The enclosed {{.Repository}}:{{.Tag}} is important. It makes the image name and tag values available for the piped command that follows it.

xargs -r ensures the piped command will not execute if no result is passed to it (e.g., no images are >= 5 days old).

For production scenario you may want to ensure you images quota is big, so you could store images for cases where you might need to rollback, and adjust the script accordingly, or possibly also use your own storage solution for Docker container images such as jFrog Artifactory or Nexus Repository, etc.

Additionally, I also docker rmi 0.0.$BUILD_NUMBER the Docker container image that I build at the very beginning of the deployment stage of the pipeline as the image is pushed to the registry, and so there is no need to store it twice: in the build machine and in the registry.

Deploying to a Kubernetes cluster

As you may know, Kubernetes is all the rage these days. Kubernetes. Its feature list is impressive and it is no wonder why it is the go-to system of orchestrating your containers.

Kubernetes is an open-source system for automating deployment, scaling, and management of containerized applications.

I wanted to share my pipeline for building and updating containers in a Kubernetes cluster. In fact it’s quite straightforward. The pipeline includes: building a Docker container image, pushing the image to a container registry and updating the container image used in a Pod.

My environment is based in IBM Bluemix, so some commands will not apply…

stage ("Publish to Kubernetes cluster") {
   environment {
      JENKINSBOT = credentials('credentials-ID')
   }

   when {
      branch "develop"
   }

   steps {
      script {
         STAGE_NAME = "Publish to Kubernetes cluster"
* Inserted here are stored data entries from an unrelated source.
(* Let $(\Gamma,c)$ be a real Fuchsian group and $\gamma\in\Gamma$ an admissible element. Then the twisted centralizer $Z_\gamma$ is either trivial, cyclic of order two, infinite cyclic, or infinite dihedral (i.e. $\mathbf{Z}/2\mathbf{Z}\ltimes\mathbf{Z}$).
   Context: $\mathfrak{h}$ is the upper half-plane. A complex conjugation is an anti-holomorphic involution $c$ of $\mathfrak{h}$; for $\gamma\in\mathrm{PSL}_2(\mathbf{R})$, $\gamma^c=c\gamma c$. A real Fuchsian group is a pair $(\Gamma,c)$ with $\Gamma\subseteq\mathrm{PSL}_2(\mathbf{R})$ discrete, $c$ a complex conjugation, $\Gamma^c=\Gamma$, and $\mathfrak{h}^*/\Gamma$ compact, where $\mathfrak{h}^*$ is $\mathfrak{h}$ with the cusps of $\Gamma$ adjoined. $\gamma\in\Gamma$ is admissible if $\gamma^c=\gamma^{-1}$. The twisted centralizer of $\gamma$ is $Z_\gamma=\{\sigma\in\Gamma:\sigma^c\gamma\sigma^{-1}=\gamma\}$. *)

theory Defs
  imports "HOL-Analysis.Analysis" "HOL-Algebra.Algebra"
begin

definition uhp :: "complex set" where
  "uhp = {z. 0 < Im z}"

text \<open>An element of PSL_2(R) is represented by the Moebius map it induces on the
  upper half-plane (extended by the identity off the half-plane, so that equality of
  group elements is equality of functions).  The matrices M and -M give the same map.\<close>

definition mob :: "real \<Rightarrow> real \<Rightarrow> real \<Rightarrow> real \<Rightarrow> complex \<Rightarrow> complex" where
  "mob a b c d = (\<lambda>z. if 0 < Im z
      then (of_real a * z + of_real b) / (of_real c * z + of_real d) else z)"

definition PSL2R :: "(complex \<Rightarrow> complex) set" where
  "PSL2R = {mob a b c d | a b c d. a * d - b * c = 1}"

definition PSL2R_group :: "(complex \<Rightarrow> complex) monoid" where
  "PSL2R_group = \<lparr>carrier = PSL2R, monoid.mult = (\<circ>), one = id\<rparr>"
         // Login to Bluemix and the Bluemix Container Registry
         sh '''
            bx login ...
            bx cr login
         '''

         // Build the Docker container image and push to Bluemix Container Registry
         sh '''
            docker build -t registry.../myimage:0.0.$BUILD_NUMBER --build-arg NPM_TOKEN=${NPM_TOKEN} .
            docker push registry.../myimage:0.0.$BUILD_NUMBER
         '''

         // Check for image vulnerabilities - applies only if you have such a service...
         isVulnerable = sh(script: "bx cr images --format '{{if and (eq .Repository \"registry.../myimage\") (eq .Tag \"0.0.$BUILD_NUMBER\")}}{{eq .Vulnerable \"Vulnerable\"}}{{end}}'", returnStatus: true)
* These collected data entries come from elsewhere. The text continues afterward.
lemma expected_gap_uniform_stop_le:
  assumes f: "feas f" and lower: "\<And>g. feas g \<Longrightarrow> m \<le> \<xi> g" and "\<tau> > 0"
    and near_opt: "\<xi> f \<le> (1 + \<epsilon>) * m"
  shows "measure_pmf.expectation
           (bind_pmf (pmf_of_set {0..<nat \<lceil>\<tau>\<rceil>}) (\<lambda>k. map_pmf (\<lambda>es. fold step es f) (iid_list p k))) gp
         \<le> \<epsilon> * m"
proof -
  define N where "N = nat \<lceil>\<tau>\<rceil>"
  have "N > 0" and "\<tau> \<le> N" using \<open>\<tau> > 0\<close> unfolding N_def by linarith+
  have "m \<le> expected_\<xi> f N"
  proof -
    have "measure_pmf.expectation (iid_list p N) (\<lambda>_. m) \<le> expected_\<xi> f N"
      unfolding expected_\<xi>_def using f
      by (intro integral_mono_AE)
         (auto simp: AE_measure_pmf_iff lower feas_fold integrable_measure_pmf_finite
          finite_set_pmf_iid_list finite_support dest!: set_pmf_iid_list)
    then show ?thesis by simp
  qed
  then have "\<tau> * (\<xi> f - expected_\<xi> f N) / N \<le> \<tau> * (\<xi> f - m) / N"
    using \<open>\<tau> > 0\<close> by (intro divide_right_mono mult_left_mono) auto
  also have "\<dots> \<le> \<xi> f - m"
    using \<open>\<tau> \<le> N\<close> \<open>N > 0\<close> lower[OF f] by (simp add: divide_le_eq mult.commute mult_right_mono)
  finally show ?thesis
    using expected_gap_uniform_stop[OF f \<open>N > 0\<close>] near_opt by (simp add: N_def algebra_simps)
qed

end

section \<open>Paths in a forest\<close>

definition forest :: "('v \<times> 'v) set \<Rightarrow> bool" where
  "forest T \<longleftrightarrow> (\<forall>(a, b)\<in>T. (a, b) \<notin> (usym (T - {(a, b)}))\<^sup>*)"

lemma usym_converse [simp]: "(usym S)\<inverse> = usym S"
  by (auto simp: usym_def)

lemma rtrancl_usym_sym: "(a, b) \<in> (usym S)\<^sup>* \<Longrightarrow> (b, a) \<in> (usym S)\<^sup>*"
  by (metis rtrancl_converseI usym_converse)

lemma walk_in_rtrancl:
  "vs \<noteq> [] \<Longrightarrow> (\<And>i. Suc i < length vs \<Longrightarrow> (vs ! i, vs ! Suc i) \<in> R) \<Longrightarrow> (hd vs, last vs) \<in> R\<^sup>*"
proof (induction vs)
  case (Cons x xs)
  show ?case
  proof (cases xs)
    case (Cons y ys)
    have "(x, y) \<in> R" using Cons.prems(2)[of 0] \<open>xs = y # ys\<close> by simp
    moreover have "(hd xs, last xs) \<in> R\<^sup>*"
      using Cons.IH Cons.prems(2) \<open>xs = y # ys\<close> by (metis Suc_less_eq length_Cons list.discI nth_Cons_Suc)
    ultimately show ?thesis using \<open>xs = y # ys\<close> by (simp add: converse_rtrancl_into_rtrancl)
  qed simp
qed simp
         if (isVulnerable=="true") {
            error "Image may be vulnerable! failing the job."
         }

         // Apply Kubernetes configuration and update the pods in the cluster
         sh '''
            export KUBECONFIG=/home/idanadar/.bluemix/plugins/container-service/clusters/certmgmt/kube-config.yml
            kubectl set image deployment myimage myimage=registry.../myimage:0.0.$BUILD_NUMBER --record
         '''

         // If reached here, it means success. Notify
         slackSend (
            color: '#199515',
            message: "$JOB_NAME: <$BUILD_URL|Build #$BUILD_NUMBER> Kubernetes pod update passed successfully."
         )
      }
   }
}

Notes:
* I use $BUILD_NUMBER as the means to tag the image.
* I use a pre-defined export... to configure the session with the required configuration for the kubectl CLI to know which cluster to work with.
* The Bluemix Container Registry provides image scanning for vulnerabilities!
* I use kubectl set image ... to update the image used in the Pod(s). Works great with the replica setting.

More on Kubernetes in a later blog post.